Your instructions
Repeat exactly the lines from the start of the records below through the line that contains "using s by (auto simp: space_PiM)", including both.

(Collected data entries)

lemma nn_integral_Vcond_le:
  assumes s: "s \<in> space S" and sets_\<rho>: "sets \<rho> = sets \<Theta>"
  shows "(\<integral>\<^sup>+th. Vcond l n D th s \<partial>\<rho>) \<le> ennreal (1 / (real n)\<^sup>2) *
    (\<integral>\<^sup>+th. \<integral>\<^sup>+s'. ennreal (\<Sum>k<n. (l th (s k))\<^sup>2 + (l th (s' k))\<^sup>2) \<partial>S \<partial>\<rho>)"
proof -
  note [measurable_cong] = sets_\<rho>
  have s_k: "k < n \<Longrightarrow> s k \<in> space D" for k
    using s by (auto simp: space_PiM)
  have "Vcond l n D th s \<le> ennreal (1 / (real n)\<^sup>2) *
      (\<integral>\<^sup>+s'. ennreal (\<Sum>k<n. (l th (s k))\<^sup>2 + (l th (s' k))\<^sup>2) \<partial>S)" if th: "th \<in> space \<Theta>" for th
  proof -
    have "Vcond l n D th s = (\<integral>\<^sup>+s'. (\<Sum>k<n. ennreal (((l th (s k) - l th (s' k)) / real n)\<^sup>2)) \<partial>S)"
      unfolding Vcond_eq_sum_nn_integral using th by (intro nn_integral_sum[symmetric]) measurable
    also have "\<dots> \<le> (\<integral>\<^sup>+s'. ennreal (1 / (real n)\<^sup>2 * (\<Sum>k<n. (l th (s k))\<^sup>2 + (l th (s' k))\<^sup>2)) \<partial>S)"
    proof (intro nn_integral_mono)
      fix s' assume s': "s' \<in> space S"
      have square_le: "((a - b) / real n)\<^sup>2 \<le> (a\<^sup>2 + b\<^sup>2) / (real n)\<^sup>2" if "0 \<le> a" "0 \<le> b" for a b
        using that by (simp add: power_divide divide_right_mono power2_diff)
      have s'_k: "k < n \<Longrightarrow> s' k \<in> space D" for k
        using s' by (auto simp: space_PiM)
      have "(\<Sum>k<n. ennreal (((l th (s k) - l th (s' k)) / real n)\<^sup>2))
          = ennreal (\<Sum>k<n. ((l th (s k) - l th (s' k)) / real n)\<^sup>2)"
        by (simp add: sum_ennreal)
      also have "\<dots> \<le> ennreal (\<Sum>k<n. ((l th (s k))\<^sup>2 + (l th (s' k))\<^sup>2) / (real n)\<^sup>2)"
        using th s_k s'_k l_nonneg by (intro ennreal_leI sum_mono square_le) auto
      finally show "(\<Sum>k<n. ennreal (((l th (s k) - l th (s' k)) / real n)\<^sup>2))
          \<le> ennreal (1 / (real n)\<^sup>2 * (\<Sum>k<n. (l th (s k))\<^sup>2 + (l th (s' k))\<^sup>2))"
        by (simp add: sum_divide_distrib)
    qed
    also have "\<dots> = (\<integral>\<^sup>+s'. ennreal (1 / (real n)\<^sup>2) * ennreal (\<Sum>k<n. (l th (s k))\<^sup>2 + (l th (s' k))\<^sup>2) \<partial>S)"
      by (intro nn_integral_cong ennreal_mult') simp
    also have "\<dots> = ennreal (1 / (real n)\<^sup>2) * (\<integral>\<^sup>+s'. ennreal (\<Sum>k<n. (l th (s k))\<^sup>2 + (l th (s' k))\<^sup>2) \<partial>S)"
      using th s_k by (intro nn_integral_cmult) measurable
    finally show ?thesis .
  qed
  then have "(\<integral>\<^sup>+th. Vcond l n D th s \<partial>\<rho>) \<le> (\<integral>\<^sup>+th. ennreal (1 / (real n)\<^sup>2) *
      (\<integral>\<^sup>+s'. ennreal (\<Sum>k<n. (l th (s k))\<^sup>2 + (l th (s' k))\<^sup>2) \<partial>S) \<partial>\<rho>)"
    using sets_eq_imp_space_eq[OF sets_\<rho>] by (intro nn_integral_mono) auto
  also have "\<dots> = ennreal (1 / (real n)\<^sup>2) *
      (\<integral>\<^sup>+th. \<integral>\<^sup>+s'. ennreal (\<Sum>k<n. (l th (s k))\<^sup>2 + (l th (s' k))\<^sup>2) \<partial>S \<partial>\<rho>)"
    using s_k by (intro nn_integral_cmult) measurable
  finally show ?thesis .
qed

Reply to the task
lemma nn_integral_Vcond_le:
  assumes s: "s \<in> space S" and sets_\<rho>: "sets \<rho> = sets \<Theta>"
  shows "(\<integral>\<^sup>+th. Vcond l n D th s \<partial>\<rho>) \<le> ennreal (1 / (real n)\<^sup>2) *
    (\<integral>\<^sup>+th. \<integral>\<^sup>+s'. ennreal (\<Sum>k<n. (l th (s k))\<^sup>2 + (l th (s' k))\<^sup>2) \<partial>S \<partial>\<rho>)"
proof -
  note [measurable_cong] = sets_\<rho>
  have s_k: "k < n \<Longrightarrow> s k \<in> space D" for k
    using s by (auto simp: space_PiM)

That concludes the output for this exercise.